_What you will do:_ Transcribe all of the records precisely as they are presented.

_Material for this task:_
lemma is_grid_edge_vertical: "is_grid_edge {(x, y), (x, y + 1)}"
  unfolding is_grid_edge_def by (intro exI[of _ "(x, y)"] exI[of _ "(x, y + 1)"]) simp

lemma is_grid_edge_top_edge: "is_grid_edge (top_edge T c)"
  unfolding top_edge_def using is_grid_edge_horizontal by simp

lemma is_grid_edge_comb_edge: "comb_edge C r T e \<Longrightarrow> is_grid_edge e"
  unfolding comb_edge_def row_edge_def tooth_edge_def
  using is_grid_edge_horizontal is_grid_edge_vertical is_grid_edge_top_edge by blast

lemma row_edge_unique: "row_edge r e \<Longrightarrow> row_edge r' e \<Longrightarrow> r = r'"
  by (auto simp: row_edge_def doubleton_eq_iff)

lemma tooth_edge_unique: "tooth_edge T c e \<Longrightarrow> tooth_edge T' c' e \<Longrightarrow> c = c'"
  by (auto simp: tooth_edge_def top_edge_def doubleton_eq_iff)

lemma row_edge_tooth_edge_at_top: "row_edge r e \<Longrightarrow> tooth_edge T c e \<Longrightarrow> r = T"
  by (auto simp: row_edge_def tooth_edge_def top_edge_def doubleton_eq_iff)

lemma comb_edges_meet_in_common_tooth:
  assumes "comb_edge C r T e" and "comb_edge C' r' T e" and "r \<noteq> r'" "r \<noteq> T" "r' \<noteq> T"
  shows "C \<inter> C' \<noteq> {}"
  using assms row_edge_unique row_edge_tooth_edge_at_top tooth_edge_unique
  unfolding comb_edge_def by blast

definition tooth :: "nat set \<Rightarrow> int \<Rightarrow> int \<Rightarrow> nat \<Rightarrow> grid_point list" where
  "tooth C r T c =
     (if c \<in> C then map (Pair (2 * int c)) [r..T] @ map (Pair (2 * int c + 1)) (rev [r..T])
      else [(2 * int c, r), (2 * int c + 1, r)])"

definition comb :: "nat set \<Rightarrow> int \<Rightarrow> int \<Rightarrow> nat \<Rightarrow> grid_point list" where
  "comb C r T m = concat (map (tooth C r T) [0..<m])"

lemma distinct_tooth: "distinct (tooth C r T c)"
  by (auto simp: tooth_def distinct_map inj_on_def)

_Exercise output:_
lemma is_grid_edge_vertical: "is_grid_edge {(x, y), (x, y + 1)}"
  unfolding is_grid_edge_def by (intro exI[of _ "(x, y)"] exI[of _ "(x, y + 1)"]) simp

lemma is_grid_edge_top_edge: "is_grid_edge (top_edge T c)"
  unfolding top_edge_def using is_grid_edge_horizontal by simp

lemma is_grid_edge_comb_edge: "comb_edge C r T e \<Longrightarrow> is_grid_edge e"
  unfolding comb_edge_def row_edge_def tooth_edge_def
  using is_grid_edge_horizontal is_grid_edge_vertical is_grid_edge_top_edge by blast

lemma row_edge_unique: "row_edge r e \<Longrightarrow> row_edge r' e \<Longrightarrow> r = r'"
  by (auto simp: row_edge_def doubleton_eq_iff)

lemma tooth_edge_unique: "tooth_edge T c e \<Longrightarrow> tooth_edge T' c' e \<Longrightarrow> c = c'"
  by (auto simp: tooth_edge_def top_edge_def doubleton_eq_iff)

lemma row_edge_tooth_edge_at_top: "row_edge r e \<Longrightarrow> tooth_edge T c e \<Longrightarrow> r = T"
  by (auto simp: row_edge_def tooth_edge_def top_edge_def doubleton_eq_iff)

lemma comb_edges_meet_in_common_tooth:
  assumes "comb_edge C r T e" and "comb_edge C' r' T e" and "r \<noteq> r'" "r \<noteq> T" "r' \<noteq> T"
  shows "C \<inter> C' \<noteq> {}"
  using assms row_edge_unique row_edge_tooth_edge_at_top tooth_edge_unique
  unfolding comb_edge_def by blast

definition tooth :: "nat set \<Rightarrow> int \<Rightarrow> int \<Rightarrow> nat \<Rightarrow> grid_point list" where
  "tooth C r T c =
     (if c \<in> C then map (Pair (2 * int c)) [r..T] @ map (Pair (2 * int c + 1)) (rev [r..T])
      else [(2 * int c, r), (2 * int c + 1, r)])"

definition comb :: "nat set \<Rightarrow> int \<Rightarrow> int \<Rightarrow> nat \<Rightarrow> grid_point list" where
  "comb C r T m = concat (map (tooth C r T) [0..<m])"

lemma distinct_tooth: "distinct (tooth C r T c)"
  by (auto simp: tooth_def distinct_map inj_on_def)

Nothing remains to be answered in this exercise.